Wichtig während deines Studiums ist der praktische Teil. Hierfür sind eigentlich in allen Hochschulen Berufspraktika vorgesehen, die absolviert werden müssen. Dabei wirst du in verschiedenen psychotherapeutischen Einrichtungen verschiedene Einblicke erhalten und bereits erste Erfahrungen sammeln können.
Wie in allen anderen Studiengängen auch, erwarten dich, während dem Bachelor- und dem Masterstudium verschiedene Hausarbeiten, Klausuren, Referate und mündliche Prüfungen, in denen du dein Wissen anwenden musst. Nach dem Bachelor- und dem Masterstudium schließt du dein Studium mit dem akademischen Grad des Bachelor of Science (B.Sc.) beziehungsweise Master of Science (M.Sc.), oder dem Staatsexamen ab.
Beliebte Studiengänge im Master Studium sind:
- Tiefenpsychologisch fundierte Psychotherapie (M.Sc.)
- Verhaltenstherapie (M.Sc.)
- Klinische Psychologie und Psychotherapie (M.Sc.)
- Psychotherapie mit Schwerpunkt Verhaltenstherapie (M.Sc.)
Anforderungen und Bewerbungsverfahren für den Studiengang Psychotherapie:
Um das Psychotherapie Studium zu beginnen, benötigst du, wie für die meisten anderen Studiengängen auch, die abgeschlossene Allgemeine Hochschulreife, also das Abitur. Darüber hinaus benötigst du außerdem sehr gute Noten in deinem Abschlusszeugnis des Abiturs, denn der Studiengang der Psychotherapie ist in der Regel an einen Numerus Clausus (NC) gekoppelt. Das bedeutet, dass du mindestens den im NC angegebenen Notendurchschnitt haben musst, um an der jeweiligen Universität in Deutschland genommen zu werden.
Immer mehr private Hochschulen verzichten jedoch auf den Numerus Clausus, weil sie sehen, dass es vor allem auf die persönliche Eignung ankommt und nicht so sehr auf gute Noten im Abiturzeugnis.

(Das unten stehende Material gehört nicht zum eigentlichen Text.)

(* If a graph $G$ of order $n(G)$ contains a universal vertex, then $\mathrm{sg_e}(G) \ge n(G)-1$. Moreover, if $G$ has exactly one universal vertex, then $\mathrm{sg_e}(G) = n(G)-1$.
   Context: All graphs are finite, simple and connected. A vertex $u$ is universal if $\deg_G(u) = n(G)-1$. A set $S \subseteq V(G)$ is a strong edge geodetic set of $G$ if one can assign to every unordered pair $\{u,v\}$ of distinct vertices of $S$ either one shortest $u,v$-path $P_{uv}$ in $G$ or no path, in such a way that every edge of $G$ lies on at least one of the assigned paths. The strong edge geodetic number $\mathrm{sg_e}(G)$ is the minimum cardinality of a strong edge geodetic set of $G$. *)

theory Defs
  imports Main
begin

definition simple_graph :: "'a set \<Rightarrow> 'a set set \<Rightarrow> bool" where
  "simple_graph V E \<longleftrightarrow> finite V \<and>
     (\<forall>e\<in>E. \<exists>u v. e = {u, v} \<and> u \<noteq> v \<and> u \<in> V \<and> v \<in> V)"

definition is_walk :: "'a set set \<Rightarrow> 'a list \<Rightarrow> 'a \<Rightarrow> 'a \<Rightarrow> bool" where
  "is_walk E p u v \<longleftrightarrow> p \<noteq> [] \<and> hd p = u \<and> last p = v \<and>
     (\<forall>i. Suc i < length p \<longrightarrow> {p ! i, p ! Suc i} \<in> E)"

definition connected_graph :: "'a set \<Rightarrow> 'a set set \<Rightarrow> bool" where
  "connected_graph V E \<longleftrightarrow> simple_graph V E \<and>
     (\<forall>u\<in>V. \<forall>v\<in>V. \<exists>p. is_walk E p u v)"

text \<open>Shortest u,v-path: a u,v-walk with the minimum number of vertices
  (hence edges); such a walk is automatically a path.\<close>
definition shortest_path :: "'a set set \<Rightarrow> 'a list \<Rightarrow> 'a \<Rightarrow> 'a \<Rightarrow> bool" where
  "shortest_path E p u v \<longleftrightarrow> is_walk E p u v \<and>
     (\<forall>q. is_walk E q u v \<longrightarrow> length p \<le> length q)"

definition path_edges :: "'a list \<Rightarrow> 'a set set" where
  "path_edges p = {{p ! i, p ! Suc i} | i. Suc i < length p}"

text \<open>Strong edge geodetic set: to each unordered pair {u,v} of distinct vertices
  of S assign either one shortest u,v-path or nothing, covering all edges.\<close>
definition strong_edge_geodetic :: "'a set \<Rightarrow> 'a set set \<Rightarrow> 'a set \<Rightarrow> bool" where
  "strong_edge_geodetic V E S \<longleftrightarrow> S \<subseteq> V \<and>
     (\<exists>P :: 'a set \<Rightarrow> 'a list option.
        (\<forall>u\<in>S. \<forall>v\<in>S. u \<noteq> v \<longrightarrow>
           (case P {u, v} of None \<Rightarrow> True
            | Some p \<Rightarrow> shortest_path E p u v \<or> shortest_path E p v u)) \<and>
        (\<forall>e\<in>E. \<exists>u\<in>S. \<exists>v\<in>S. u \<noteq> v \<and>
           (\<exists>p. P {u, v} = Some p \<and> e \<in> path_edges p)))"

definition sge :: "'a set \<Rightarrow> 'a set set \<Rightarrow> nat" where
  "sge V E = (LEAST k. \<exists>S. strong_edge_geodetic V E S \<and> card S = k)"

definition degree :: "'a set \<Rightarrow> 'a set set \<Rightarrow> 'a \<Rightarrow> nat" where
  "degree V E u = card {v \<in> V. {u, v} \<in> E}"

definition universal :: "'a set \<Rightarrow> 'a set set \<Rightarrow> 'a \<Rightarrow> bool" where
  "universal V E u \<longleftrightarrow> u \<in> V \<and> degree V E u = card V - 1"

end

theory Submission
  imports Defs
begin

text \<open>Let \<open>w\<close> be a universal vertex. Any two vertices are at distance at most 2, so a
  shortest path has at most two edges, and an edge \<open>wx\<close> can only lie on a shortest path
  having \<open>x\<close> as an endpoint. Hence every strong edge geodetic set contains \<open>V - {w}\<close>.
  Conversely, geodesics of the form \<open>ab\<close> or \<open>awb\<close> show that \<open>V - {w}\<close> is strong edge
  geodetic once every \<open>x \<noteq> w\<close> has a non-neighbour \<open>y \<noteq> w\<close> (then \<open>xwy\<close> covers \<open>wx\<close>),
  which is exactly the case when \<open>w\<close> is the only universal vertex.\<close>

lemma path_edges_singleton [simp]: "path_edges [x] = {}"
  unfolding path_edges_def by simp

lemma path_edges_Cons_Cons [simp]:
  "path_edges (x # y # p) = insert {x, y} (path_edges (y # p))"
  unfolding path_edges_def
  by (auto simp: less_Suc_eq_0_disj) (metis nth_Cons_0, metis nth_Cons_Suc)

lemma is_walk_Nil [simp]: "\<not> is_walk E [] u v"
  unfolding is_walk_def by simp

Hier solltest du dich vorab bei den jeweiligen Universitäten informieren. Statt des Numerus Clausus nutzen diese Hochschulen dann verschiedene Aufnahmetests, die aus verschiedenen schriftlichen und mündlichen Tests bestehen. Diese variieren aber von Hochschule zu Hochschule. Daher solltest du dich auch hierüber bei den jeweiligen Hochschulen genau informieren, bevor du dich bewirbst. Für das Master Studium benötigst du ein abgeschlossenes Bachelorstudium. Das Psychotherapie Studium mit dem Abschluss des Staatsexamens dient der Weiterbildung und Spezialisierung in einem oder mehreren Bereichen. Hierfür benötigst du einen Master Abschluss.
Berufsperspektiven und Karrierechancen:
Nach dem Studium ist dein Weg in der Regel bereits geebnet. Du wirst Psychotherapeut/in und wirst entweder in einer bestehenden Praxis als Arbeitnehmer angestellt oder du baust dir selbst deine eigene Praxis auf. Neben Praxen kannst du aber natürlich auch in Krankenhäusern, verschiedenen Reha Kliniken oder in einem Amt tätig sein. Als Psychotherapeut hast du vielerlei Möglichkeiten.
Über die normale Arbeit des Psychotherapeuten hinaus, kannst du natürlich auch in der Hochschule blieben und in der Forschung tätig sein. An der Hochschule kannst du dann in verschiedenen Disziplinen neue und bisher unerforschte oder wenig erforschte Dinge erproben und wirst dann in der Regel auch an der Hochschule verschiedene Vorlesungen oder Seminare leiten können. Heute stehen dir als Psychotherapeut viele Wege offen und Psychotherapeuten werden immer wieder händeringend gesucht.